* Exercise input *
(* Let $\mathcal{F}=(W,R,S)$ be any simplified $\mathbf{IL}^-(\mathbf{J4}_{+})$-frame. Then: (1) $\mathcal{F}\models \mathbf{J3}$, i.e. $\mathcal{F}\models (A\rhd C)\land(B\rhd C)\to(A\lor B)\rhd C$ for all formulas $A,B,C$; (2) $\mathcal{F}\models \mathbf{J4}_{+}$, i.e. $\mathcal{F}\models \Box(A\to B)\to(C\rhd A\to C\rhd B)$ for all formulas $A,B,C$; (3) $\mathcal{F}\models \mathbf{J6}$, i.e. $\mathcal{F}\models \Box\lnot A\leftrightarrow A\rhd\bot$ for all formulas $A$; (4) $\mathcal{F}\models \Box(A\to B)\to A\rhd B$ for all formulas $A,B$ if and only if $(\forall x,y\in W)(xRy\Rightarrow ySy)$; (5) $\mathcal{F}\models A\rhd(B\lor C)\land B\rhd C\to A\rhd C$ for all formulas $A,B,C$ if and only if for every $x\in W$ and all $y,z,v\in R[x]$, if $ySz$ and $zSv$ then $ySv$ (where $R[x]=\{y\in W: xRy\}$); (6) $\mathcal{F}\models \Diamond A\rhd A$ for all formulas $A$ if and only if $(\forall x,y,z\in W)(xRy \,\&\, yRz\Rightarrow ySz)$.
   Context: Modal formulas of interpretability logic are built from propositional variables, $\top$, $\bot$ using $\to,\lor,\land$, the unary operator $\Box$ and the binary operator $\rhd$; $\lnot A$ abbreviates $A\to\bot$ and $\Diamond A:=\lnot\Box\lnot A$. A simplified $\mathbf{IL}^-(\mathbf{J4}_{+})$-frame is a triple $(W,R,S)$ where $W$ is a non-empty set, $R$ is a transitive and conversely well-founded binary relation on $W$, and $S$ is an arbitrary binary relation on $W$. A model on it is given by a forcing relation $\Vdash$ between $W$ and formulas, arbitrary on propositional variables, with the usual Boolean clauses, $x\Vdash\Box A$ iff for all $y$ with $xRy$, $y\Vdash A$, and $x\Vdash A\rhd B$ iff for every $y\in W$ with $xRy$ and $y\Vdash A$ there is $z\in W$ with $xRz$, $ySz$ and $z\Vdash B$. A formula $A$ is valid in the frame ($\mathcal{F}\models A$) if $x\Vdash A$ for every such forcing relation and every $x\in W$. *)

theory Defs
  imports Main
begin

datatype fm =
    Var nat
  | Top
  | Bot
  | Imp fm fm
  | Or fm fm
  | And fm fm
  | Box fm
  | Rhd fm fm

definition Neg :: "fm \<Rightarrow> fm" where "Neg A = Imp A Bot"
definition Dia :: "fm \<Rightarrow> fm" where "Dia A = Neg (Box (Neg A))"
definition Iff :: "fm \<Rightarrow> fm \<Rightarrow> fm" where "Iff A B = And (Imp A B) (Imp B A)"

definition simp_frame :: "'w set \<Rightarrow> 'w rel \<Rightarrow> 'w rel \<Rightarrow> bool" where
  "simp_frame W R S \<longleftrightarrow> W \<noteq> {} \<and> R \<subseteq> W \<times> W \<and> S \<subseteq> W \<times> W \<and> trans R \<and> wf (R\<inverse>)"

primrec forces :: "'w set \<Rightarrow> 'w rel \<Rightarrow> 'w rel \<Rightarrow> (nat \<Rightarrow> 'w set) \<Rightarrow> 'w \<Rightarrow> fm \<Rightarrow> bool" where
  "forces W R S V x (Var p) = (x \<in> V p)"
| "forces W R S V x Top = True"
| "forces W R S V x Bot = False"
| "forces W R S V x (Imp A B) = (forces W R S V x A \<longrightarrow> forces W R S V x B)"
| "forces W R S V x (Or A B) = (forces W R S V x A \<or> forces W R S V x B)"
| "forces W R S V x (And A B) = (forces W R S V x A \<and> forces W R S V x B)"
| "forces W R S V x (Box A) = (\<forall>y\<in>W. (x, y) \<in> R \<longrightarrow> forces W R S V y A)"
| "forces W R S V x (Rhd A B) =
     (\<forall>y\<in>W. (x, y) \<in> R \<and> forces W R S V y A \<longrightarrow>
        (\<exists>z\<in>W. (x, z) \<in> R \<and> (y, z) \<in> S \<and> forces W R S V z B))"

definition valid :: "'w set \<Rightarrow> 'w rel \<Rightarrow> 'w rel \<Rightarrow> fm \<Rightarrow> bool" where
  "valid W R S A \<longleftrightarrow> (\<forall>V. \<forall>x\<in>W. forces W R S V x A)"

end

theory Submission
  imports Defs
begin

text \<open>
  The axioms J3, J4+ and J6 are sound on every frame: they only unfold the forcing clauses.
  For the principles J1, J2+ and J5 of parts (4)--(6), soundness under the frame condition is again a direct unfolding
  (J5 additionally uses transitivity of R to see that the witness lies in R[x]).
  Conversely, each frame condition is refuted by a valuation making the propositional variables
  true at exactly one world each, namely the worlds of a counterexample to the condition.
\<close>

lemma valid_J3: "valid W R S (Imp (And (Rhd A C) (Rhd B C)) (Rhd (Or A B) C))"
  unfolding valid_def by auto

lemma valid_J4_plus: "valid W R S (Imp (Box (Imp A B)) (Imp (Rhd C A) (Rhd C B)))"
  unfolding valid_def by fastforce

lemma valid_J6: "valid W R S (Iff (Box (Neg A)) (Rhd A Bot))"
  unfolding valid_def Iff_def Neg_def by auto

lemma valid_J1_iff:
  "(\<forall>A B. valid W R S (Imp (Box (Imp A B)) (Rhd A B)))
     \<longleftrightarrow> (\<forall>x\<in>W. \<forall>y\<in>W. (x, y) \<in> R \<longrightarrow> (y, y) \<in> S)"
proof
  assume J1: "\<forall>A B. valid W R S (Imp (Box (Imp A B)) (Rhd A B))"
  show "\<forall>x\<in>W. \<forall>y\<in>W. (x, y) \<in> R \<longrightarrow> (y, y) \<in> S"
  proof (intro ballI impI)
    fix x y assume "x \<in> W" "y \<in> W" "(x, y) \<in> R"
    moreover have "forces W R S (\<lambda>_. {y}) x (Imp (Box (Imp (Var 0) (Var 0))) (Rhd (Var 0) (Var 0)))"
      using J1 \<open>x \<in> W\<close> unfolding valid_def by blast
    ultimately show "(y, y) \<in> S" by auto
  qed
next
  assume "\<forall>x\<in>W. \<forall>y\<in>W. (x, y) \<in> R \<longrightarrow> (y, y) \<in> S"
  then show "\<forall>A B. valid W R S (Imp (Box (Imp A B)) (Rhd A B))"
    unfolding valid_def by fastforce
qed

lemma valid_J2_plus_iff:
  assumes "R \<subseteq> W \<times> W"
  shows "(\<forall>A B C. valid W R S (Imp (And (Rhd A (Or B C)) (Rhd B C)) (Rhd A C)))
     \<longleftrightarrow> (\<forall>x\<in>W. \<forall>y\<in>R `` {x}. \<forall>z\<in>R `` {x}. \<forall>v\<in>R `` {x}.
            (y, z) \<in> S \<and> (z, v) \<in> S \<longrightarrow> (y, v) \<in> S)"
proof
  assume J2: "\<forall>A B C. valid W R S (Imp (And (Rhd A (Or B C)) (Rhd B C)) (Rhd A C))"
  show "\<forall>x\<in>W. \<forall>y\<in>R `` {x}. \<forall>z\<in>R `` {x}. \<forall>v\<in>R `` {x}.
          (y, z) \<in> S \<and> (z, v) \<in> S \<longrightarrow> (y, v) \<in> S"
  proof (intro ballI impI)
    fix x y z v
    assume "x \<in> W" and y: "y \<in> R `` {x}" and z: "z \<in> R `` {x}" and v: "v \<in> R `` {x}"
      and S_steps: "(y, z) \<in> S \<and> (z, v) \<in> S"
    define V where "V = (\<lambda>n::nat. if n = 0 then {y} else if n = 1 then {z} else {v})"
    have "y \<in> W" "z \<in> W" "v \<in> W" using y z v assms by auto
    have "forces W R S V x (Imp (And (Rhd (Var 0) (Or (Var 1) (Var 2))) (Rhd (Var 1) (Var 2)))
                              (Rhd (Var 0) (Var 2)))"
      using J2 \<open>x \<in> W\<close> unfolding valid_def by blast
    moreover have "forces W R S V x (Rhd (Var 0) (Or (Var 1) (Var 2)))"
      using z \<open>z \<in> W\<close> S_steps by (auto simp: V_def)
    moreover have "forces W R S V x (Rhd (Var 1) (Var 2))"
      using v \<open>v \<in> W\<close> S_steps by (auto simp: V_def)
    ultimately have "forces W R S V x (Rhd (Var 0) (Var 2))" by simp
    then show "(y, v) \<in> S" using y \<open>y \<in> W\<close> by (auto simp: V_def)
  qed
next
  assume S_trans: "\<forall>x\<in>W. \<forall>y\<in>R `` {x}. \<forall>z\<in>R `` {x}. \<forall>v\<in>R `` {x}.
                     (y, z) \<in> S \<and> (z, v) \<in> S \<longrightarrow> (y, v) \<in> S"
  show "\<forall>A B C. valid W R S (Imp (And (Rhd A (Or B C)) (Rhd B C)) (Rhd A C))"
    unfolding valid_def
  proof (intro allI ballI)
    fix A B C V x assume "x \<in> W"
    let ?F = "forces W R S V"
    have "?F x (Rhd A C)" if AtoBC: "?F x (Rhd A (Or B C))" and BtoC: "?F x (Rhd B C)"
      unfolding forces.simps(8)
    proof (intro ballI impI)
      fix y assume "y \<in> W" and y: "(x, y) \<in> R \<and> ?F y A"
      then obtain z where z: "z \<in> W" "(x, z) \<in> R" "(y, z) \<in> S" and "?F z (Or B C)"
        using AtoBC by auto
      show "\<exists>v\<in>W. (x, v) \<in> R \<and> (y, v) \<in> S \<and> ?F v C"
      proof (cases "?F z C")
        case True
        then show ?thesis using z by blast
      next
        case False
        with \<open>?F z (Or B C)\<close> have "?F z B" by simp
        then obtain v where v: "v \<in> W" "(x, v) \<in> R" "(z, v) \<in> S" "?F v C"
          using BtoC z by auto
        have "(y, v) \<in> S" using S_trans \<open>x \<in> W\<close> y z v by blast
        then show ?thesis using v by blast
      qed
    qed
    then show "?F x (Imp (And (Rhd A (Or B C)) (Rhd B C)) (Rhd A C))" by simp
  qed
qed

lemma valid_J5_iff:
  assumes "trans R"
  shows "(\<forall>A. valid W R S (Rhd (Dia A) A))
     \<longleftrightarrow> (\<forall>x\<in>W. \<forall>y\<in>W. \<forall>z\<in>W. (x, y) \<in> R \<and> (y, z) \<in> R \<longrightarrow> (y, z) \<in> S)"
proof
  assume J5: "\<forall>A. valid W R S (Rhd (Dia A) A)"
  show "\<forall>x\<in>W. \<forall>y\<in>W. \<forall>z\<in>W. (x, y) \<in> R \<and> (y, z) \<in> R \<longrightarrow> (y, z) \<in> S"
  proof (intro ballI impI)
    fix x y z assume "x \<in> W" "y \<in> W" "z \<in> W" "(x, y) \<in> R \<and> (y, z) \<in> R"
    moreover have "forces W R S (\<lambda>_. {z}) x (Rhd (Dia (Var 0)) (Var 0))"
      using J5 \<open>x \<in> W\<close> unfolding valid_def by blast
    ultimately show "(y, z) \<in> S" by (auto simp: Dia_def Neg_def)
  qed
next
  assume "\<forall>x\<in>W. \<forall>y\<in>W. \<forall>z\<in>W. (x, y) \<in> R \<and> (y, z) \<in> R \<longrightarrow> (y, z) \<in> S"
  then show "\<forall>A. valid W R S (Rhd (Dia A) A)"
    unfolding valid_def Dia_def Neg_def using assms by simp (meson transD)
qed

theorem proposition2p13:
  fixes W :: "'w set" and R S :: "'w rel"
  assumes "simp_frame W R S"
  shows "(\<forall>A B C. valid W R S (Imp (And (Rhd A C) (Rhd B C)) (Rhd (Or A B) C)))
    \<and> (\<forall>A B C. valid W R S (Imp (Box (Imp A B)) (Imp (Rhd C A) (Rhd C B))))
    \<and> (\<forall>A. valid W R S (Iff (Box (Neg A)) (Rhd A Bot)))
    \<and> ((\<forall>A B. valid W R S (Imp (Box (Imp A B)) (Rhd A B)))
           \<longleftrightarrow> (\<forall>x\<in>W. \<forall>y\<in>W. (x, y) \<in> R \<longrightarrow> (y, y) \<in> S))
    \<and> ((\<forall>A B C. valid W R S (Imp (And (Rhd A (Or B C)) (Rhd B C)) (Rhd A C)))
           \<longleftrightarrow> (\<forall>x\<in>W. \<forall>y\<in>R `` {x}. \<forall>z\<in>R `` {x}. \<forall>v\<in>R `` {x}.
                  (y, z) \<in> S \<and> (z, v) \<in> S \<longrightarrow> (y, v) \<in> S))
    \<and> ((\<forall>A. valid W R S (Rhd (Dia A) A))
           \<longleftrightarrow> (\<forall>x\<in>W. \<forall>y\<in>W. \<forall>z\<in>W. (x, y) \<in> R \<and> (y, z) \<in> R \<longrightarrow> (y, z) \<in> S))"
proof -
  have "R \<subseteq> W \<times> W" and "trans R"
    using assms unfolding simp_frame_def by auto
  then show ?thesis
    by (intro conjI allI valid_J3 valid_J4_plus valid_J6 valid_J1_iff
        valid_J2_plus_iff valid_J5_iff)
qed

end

* Directions for this task *
Please give again only the lines from the start of the material through the line holding "Neg (Box (Neg", exactly as they are written.

* Exercise result *
(* Let $\mathcal{F}=(W,R,S)$ be any simplified $\mathbf{IL}^-(\mathbf{J4}_{+})$-frame. Then: (1) $\mathcal{F}\models \mathbf{J3}$, i.e. $\mathcal{F}\models (A\rhd C)\land(B\rhd C)\to(A\lor B)\rhd C$ for all formulas $A,B,C$; (2) $\mathcal{F}\models \mathbf{J4}_{+}$, i.e. $\mathcal{F}\models \Box(A\to B)\to(C\rhd A\to C\rhd B)$ for all formulas $A,B,C$; (3) $\mathcal{F}\models \mathbf{J6}$, i.e. $\mathcal{F}\models \Box\lnot A\leftrightarrow A\rhd\bot$ for all formulas $A$; (4) $\mathcal{F}\models \Box(A\to B)\to A\rhd B$ for all formulas $A,B$ if and only if $(\forall x,y\in W)(xRy\Rightarrow ySy)$; (5) $\mathcal{F}\models A\rhd(B\lor C)\land B\rhd C\to A\rhd C$ for all formulas $A,B,C$ if and only if for every $x\in W$ and all $y,z,v\in R[x]$, if $ySz$ and $zSv$ then $ySv$ (where $R[x]=\{y\in W: xRy\}$); (6) $\mathcal{F}\models \Diamond A\rhd A$ for all formulas $A$ if and only if $(\forall x,y,z\in W)(xRy \,\&\, yRz\Rightarrow ySz)$.
   Context: Modal formulas of interpretability logic are built from propositional variables, $\top$, $\bot$ using $\to,\lor,\land$, the unary operator $\Box$ and the binary operator $\rhd$; $\lnot A$ abbreviates $A\to\bot$ and $\Diamond A:=\lnot\Box\lnot A$. A simplified $\mathbf{IL}^-(\mathbf{J4}_{+})$-frame is a triple $(W,R,S)$ where $W$ is a non-empty set, $R$ is a transitive and conversely well-founded binary relation on $W$, and $S$ is an arbitrary binary relation on $W$. A model on it is given by a forcing relation $\Vdash$ between $W$ and formulas, arbitrary on propositional variables, with the usual Boolean clauses, $x\Vdash\Box A$ iff for all $y$ with $xRy$, $y\Vdash A$, and $x\Vdash A\rhd B$ iff for every $y\in W$ with $xRy$ and $y\Vdash A$ there is $z\in W$ with $xRz$, $ySz$ and $z\Vdash B$. A formula $A$ is valid in the frame ($\mathcal{F}\models A$) if $x\Vdash A$ for every such forcing relation and every $x\in W$. *)

theory Defs
  imports Main
begin

datatype fm =
    Var nat
  | Top
  | Bot
  | Imp fm fm
  | Or fm fm
  | And fm fm
  | Box fm
  | Rhd fm fm

definition Neg :: "fm \<Rightarrow> fm" where "Neg A = Imp A Bot"
definition Dia :: "fm \<Rightarrow> fm" where "Dia A = Neg (Box (Neg A))"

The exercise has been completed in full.